[Available data Boundary: Start]

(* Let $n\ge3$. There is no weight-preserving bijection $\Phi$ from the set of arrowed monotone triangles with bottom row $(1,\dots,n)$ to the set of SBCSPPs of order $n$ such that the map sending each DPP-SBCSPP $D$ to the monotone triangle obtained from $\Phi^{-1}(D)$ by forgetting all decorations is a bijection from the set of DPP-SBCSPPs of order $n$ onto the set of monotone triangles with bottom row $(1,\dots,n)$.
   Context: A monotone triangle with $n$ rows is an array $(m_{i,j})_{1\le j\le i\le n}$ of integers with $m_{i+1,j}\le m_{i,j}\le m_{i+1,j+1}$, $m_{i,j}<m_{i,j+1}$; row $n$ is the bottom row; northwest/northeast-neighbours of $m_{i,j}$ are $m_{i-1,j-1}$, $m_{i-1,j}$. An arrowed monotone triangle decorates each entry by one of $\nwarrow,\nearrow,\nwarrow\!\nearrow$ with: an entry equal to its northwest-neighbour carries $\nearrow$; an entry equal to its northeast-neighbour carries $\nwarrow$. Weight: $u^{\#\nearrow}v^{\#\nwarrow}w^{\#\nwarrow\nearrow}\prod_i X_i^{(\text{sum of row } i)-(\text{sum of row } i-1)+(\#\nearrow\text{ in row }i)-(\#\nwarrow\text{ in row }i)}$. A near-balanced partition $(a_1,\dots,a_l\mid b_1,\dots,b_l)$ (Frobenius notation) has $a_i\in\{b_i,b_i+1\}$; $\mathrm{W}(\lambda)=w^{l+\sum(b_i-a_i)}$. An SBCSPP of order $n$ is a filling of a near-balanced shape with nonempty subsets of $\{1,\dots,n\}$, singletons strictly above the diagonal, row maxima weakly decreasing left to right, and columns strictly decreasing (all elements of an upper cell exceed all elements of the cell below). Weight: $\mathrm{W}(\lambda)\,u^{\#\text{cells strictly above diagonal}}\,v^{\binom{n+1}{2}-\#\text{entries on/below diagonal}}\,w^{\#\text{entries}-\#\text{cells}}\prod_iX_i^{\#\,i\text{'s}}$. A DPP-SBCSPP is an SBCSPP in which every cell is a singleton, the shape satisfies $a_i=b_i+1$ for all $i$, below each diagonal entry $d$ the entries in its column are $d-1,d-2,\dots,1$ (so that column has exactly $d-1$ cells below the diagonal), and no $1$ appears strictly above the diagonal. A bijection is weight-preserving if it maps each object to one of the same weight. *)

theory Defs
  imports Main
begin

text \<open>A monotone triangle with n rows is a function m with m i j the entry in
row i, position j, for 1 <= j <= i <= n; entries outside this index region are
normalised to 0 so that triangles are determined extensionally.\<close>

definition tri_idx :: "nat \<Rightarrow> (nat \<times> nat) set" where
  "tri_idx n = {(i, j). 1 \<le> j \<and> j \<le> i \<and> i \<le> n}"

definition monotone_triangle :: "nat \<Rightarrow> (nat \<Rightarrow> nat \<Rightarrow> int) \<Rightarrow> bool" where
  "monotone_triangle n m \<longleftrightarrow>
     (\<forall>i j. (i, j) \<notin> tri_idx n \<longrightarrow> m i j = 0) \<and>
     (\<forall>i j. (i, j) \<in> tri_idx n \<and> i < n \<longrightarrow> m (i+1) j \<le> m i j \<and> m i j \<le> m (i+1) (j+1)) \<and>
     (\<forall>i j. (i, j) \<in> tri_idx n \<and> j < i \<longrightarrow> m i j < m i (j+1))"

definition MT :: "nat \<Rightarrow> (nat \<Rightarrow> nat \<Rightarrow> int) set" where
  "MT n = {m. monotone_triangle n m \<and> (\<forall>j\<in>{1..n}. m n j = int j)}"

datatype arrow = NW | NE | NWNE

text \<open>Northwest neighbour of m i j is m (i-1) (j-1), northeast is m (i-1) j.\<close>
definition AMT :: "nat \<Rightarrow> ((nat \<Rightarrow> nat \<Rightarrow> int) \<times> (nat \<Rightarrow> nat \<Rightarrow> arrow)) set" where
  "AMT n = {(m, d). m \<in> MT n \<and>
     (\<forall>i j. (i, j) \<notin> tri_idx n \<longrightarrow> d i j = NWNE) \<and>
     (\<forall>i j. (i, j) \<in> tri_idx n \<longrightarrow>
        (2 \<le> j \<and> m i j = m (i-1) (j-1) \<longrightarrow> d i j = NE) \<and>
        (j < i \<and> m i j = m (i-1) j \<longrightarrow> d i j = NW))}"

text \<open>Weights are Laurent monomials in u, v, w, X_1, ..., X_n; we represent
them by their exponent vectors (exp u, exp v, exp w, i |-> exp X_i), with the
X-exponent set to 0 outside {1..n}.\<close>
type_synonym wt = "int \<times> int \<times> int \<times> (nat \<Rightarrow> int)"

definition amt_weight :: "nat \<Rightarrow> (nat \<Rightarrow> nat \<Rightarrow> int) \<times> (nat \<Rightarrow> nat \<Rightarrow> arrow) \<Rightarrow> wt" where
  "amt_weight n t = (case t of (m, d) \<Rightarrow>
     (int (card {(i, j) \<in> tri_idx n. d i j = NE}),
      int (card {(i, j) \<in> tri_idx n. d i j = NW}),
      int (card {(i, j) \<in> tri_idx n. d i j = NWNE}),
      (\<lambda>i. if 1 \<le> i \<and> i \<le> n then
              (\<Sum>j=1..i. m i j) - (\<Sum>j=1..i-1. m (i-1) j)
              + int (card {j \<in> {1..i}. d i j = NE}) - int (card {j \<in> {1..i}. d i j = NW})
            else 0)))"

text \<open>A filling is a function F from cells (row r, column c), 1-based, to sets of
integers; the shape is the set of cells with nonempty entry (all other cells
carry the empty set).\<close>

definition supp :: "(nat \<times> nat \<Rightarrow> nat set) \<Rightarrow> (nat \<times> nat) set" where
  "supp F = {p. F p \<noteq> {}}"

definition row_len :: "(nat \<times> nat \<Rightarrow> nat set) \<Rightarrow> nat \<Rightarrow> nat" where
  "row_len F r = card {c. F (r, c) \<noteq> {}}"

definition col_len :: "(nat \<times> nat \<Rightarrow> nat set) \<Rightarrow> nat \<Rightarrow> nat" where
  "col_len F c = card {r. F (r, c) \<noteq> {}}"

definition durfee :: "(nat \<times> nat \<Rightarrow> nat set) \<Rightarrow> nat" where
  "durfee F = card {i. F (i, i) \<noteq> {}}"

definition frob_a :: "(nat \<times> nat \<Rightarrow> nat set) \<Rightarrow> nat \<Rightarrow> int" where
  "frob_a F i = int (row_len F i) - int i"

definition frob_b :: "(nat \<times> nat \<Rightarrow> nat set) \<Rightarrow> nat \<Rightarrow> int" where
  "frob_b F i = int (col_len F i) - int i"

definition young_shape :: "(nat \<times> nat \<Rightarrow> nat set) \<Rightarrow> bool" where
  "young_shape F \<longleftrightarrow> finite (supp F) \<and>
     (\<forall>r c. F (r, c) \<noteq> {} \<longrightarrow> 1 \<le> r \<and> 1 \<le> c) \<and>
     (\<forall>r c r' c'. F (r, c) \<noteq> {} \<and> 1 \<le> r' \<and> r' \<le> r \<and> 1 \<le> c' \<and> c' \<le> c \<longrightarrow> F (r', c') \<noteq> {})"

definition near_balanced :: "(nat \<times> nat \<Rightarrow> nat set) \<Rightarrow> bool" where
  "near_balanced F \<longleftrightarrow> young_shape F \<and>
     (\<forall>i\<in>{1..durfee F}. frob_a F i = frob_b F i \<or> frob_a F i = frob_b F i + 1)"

[Available data Boundary: End]

> [To do] Nothing in the data should be altered; please repeat it exactly.

> [Answer space]
(* Let $n\ge3$. There is no weight-preserving bijection $\Phi$ from the set of arrowed monotone triangles with bottom row $(1,\dots,n)$ to the set of SBCSPPs of order $n$ such that the map sending each DPP-SBCSPP $D$ to the monotone triangle obtained from $\Phi^{-1}(D)$ by forgetting all decorations is a bijection from the set of DPP-SBCSPPs of order $n$ onto the set of monotone triangles with bottom row $(1,\dots,n)$.
   Context: A monotone triangle with $n$ rows is an array $(m_{i,j})_{1\le j\le i\le n}$ of integers with $m_{i+1,j}\le m_{i,j}\le m_{i+1,j+1}$, $m_{i,j}<m_{i,j+1}$; row $n$ is the bottom row; northwest/northeast-neighbours of $m_{i,j}$ are $m_{i-1,j-1}$, $m_{i-1,j}$. An arrowed monotone triangle decorates each entry by one of $\nwarrow,\nearrow,\nwarrow\!\nearrow$ with: an entry equal to its northwest-neighbour carries $\nearrow$; an entry equal to its northeast-neighbour carries $\nwarrow$. Weight: $u^{\#\nearrow}v^{\#\nwarrow}w^{\#\nwarrow\nearrow}\prod_i X_i^{(\text{sum of row } i)-(\text{sum of row } i-1)+(\#\nearrow\text{ in row }i)-(\#\nwarrow\text{ in row }i)}$. A near-balanced partition $(a_1,\dots,a_l\mid b_1,\dots,b_l)$ (Frobenius notation) has $a_i\in\{b_i,b_i+1\}$; $\mathrm{W}(\lambda)=w^{l+\sum(b_i-a_i)}$. An SBCSPP of order $n$ is a filling of a near-balanced shape with nonempty subsets of $\{1,\dots,n\}$, singletons strictly above the diagonal, row maxima weakly decreasing left to right, and columns strictly decreasing (all elements of an upper cell exceed all elements of the cell below). Weight: $\mathrm{W}(\lambda)\,u^{\#\text{cells strictly above diagonal}}\,v^{\binom{n+1}{2}-\#\text{entries on/below diagonal}}\,w^{\#\text{entries}-\#\text{cells}}\prod_iX_i^{\#\,i\text{'s}}$. A DPP-SBCSPP is an SBCSPP in which every cell is a singleton, the shape satisfies $a_i=b_i+1$ for all $i$, below each diagonal entry $d$ the entries in its column are $d-1,d-2,\dots,1$ (so that column has exactly $d-1$ cells below the diagonal), and no $1$ appears strictly above the diagonal. A bijection is weight-preserving if it maps each object to one of the same weight. *)

theory Defs
  imports Main
begin

text \<open>A monotone triangle with n rows is a function m with m i j the entry in
row i, position j, for 1 <= j <= i <= n; entries outside this index region are
normalised to 0 so that triangles are determined extensionally.\<close>

definition tri_idx :: "nat \<Rightarrow> (nat \<times> nat) set" where
  "tri_idx n = {(i, j). 1 \<le> j \<and> j \<le> i \<and> i \<le> n}"

definition monotone_triangle :: "nat \<Rightarrow> (nat \<Rightarrow> nat \<Rightarrow> int) \<Rightarrow> bool" where
  "monotone_triangle n m \<longleftrightarrow>
     (\<forall>i j. (i, j) \<notin> tri_idx n \<longrightarrow> m i j = 0) \<and>
     (\<forall>i j. (i, j) \<in> tri_idx n \<and> i < n \<longrightarrow> m (i+1) j \<le> m i j \<and> m i j \<le> m (i+1) (j+1)) \<and>
     (\<forall>i j. (i, j) \<in> tri_idx n \<and> j < i \<longrightarrow> m i j < m i (j+1))"

definition MT :: "nat \<Rightarrow> (nat \<Rightarrow> nat \<Rightarrow> int) set" where
  "MT n = {m. monotone_triangle n m \<and> (\<forall>j\<in>{1..n}. m n j = int j)}"

datatype arrow = NW | NE | NWNE

text \<open>Northwest neighbour of m i j is m (i-1) (j-1), northeast is m (i-1) j.\<close>
definition AMT :: "nat \<Rightarrow> ((nat \<Rightarrow> nat \<Rightarrow> int) \<times> (nat \<Rightarrow> nat \<Rightarrow> arrow)) set" where
  "AMT n = {(m, d). m \<in> MT n \<and>
     (\<forall>i j. (i, j) \<notin> tri_idx n \<longrightarrow> d i j = NWNE) \<and>
     (\<forall>i j. (i, j) \<in> tri_idx n \<longrightarrow>
        (2 \<le> j \<and> m i j = m (i-1) (j-1) \<longrightarrow> d i j = NE) \<and>
        (j < i \<and> m i j = m (i-1) j \<longrightarrow> d i j = NW))}"

text \<open>Weights are Laurent monomials in u, v, w, X_1, ..., X_n; we represent
them by their exponent vectors (exp u, exp v, exp w, i |-> exp X_i), with the
X-exponent set to 0 outside {1..n}.\<close>
type_synonym wt = "int \<times> int \<times> int \<times> (nat \<Rightarrow> int)"

definition amt_weight :: "nat \<Rightarrow> (nat \<Rightarrow> nat \<Rightarrow> int) \<times> (nat \<Rightarrow> nat \<Rightarrow> arrow) \<Rightarrow> wt" where
  "amt_weight n t = (case t of (m, d) \<Rightarrow>
     (int (card {(i, j) \<in> tri_idx n. d i j = NE}),
      int (card {(i, j) \<in> tri_idx n. d i j = NW}),
      int (card {(i, j) \<in> tri_idx n. d i j = NWNE}),
      (\<lambda>i. if 1 \<le> i \<and> i \<le> n then
              (\<Sum>j=1..i. m i j) - (\<Sum>j=1..i-1. m (i-1) j)
              + int (card {j \<in> {1..i}. d i j = NE}) - int (card {j \<in> {1..i}. d i j = NW})
            else 0)))"

text \<open>A filling is a function F from cells (row r, column c), 1-based, to sets of
integers; the shape is the set of cells with nonempty entry (all other cells
carry the empty set).\<close>

definition supp :: "(nat \<times> nat \<Rightarrow> nat set) \<Rightarrow> (nat \<times> nat) set" where
  "supp F = {p. F p \<noteq> {}}"

definition row_len :: "(nat \<times> nat \<Rightarrow> nat set) \<Rightarrow> nat \<Rightarrow> nat" where
  "row_len F r = card {c. F (r, c) \<noteq> {}}"

definition col_len :: "(nat \<times> nat \<Rightarrow> nat set) \<Rightarrow> nat \<Rightarrow> nat" where
  "col_len F c = card {r. F (r, c) \<noteq> {}}"

definition durfee :: "(nat \<times> nat \<Rightarrow> nat set) \<Rightarrow> nat" where
  "durfee F = card {i. F (i, i) \<noteq> {}}"

definition frob_a :: "(nat \<times> nat \<Rightarrow> nat set) \<Rightarrow> nat \<Rightarrow> int" where
  "frob_a F i = int (row_len F i) - int i"

definition frob_b :: "(nat \<times> nat \<Rightarrow> nat set) \<Rightarrow> nat \<Rightarrow> int" where
  "frob_b F i = int (col_len F i) - int i"

definition young_shape :: "(nat \<times> nat \<Rightarrow> nat set) \<Rightarrow> bool" where
  "young_shape F \<longleftrightarrow> finite (supp F) \<and>
     (\<forall>r c. F (r, c) \<noteq> {} \<longrightarrow> 1 \<le> r \<and> 1 \<le> c) \<and>
     (\<forall>r c r' c'. F (r, c) \<noteq> {} \<and> 1 \<le> r' \<and> r' \<le> r \<and> 1 \<le> c' \<and> c' \<le> c \<longrightarrow> F (r', c') \<noteq> {})"

definition near_balanced :: "(nat \<times> nat \<Rightarrow> nat set) \<Rightarrow> bool" where
  "near_balanced F \<longleftrightarrow> young_shape F \<and>
     (\<forall>i\<in>{1..durfee F}. frob_a F i = frob_b F i \<or> frob_a F i = frob_b F i + 1)"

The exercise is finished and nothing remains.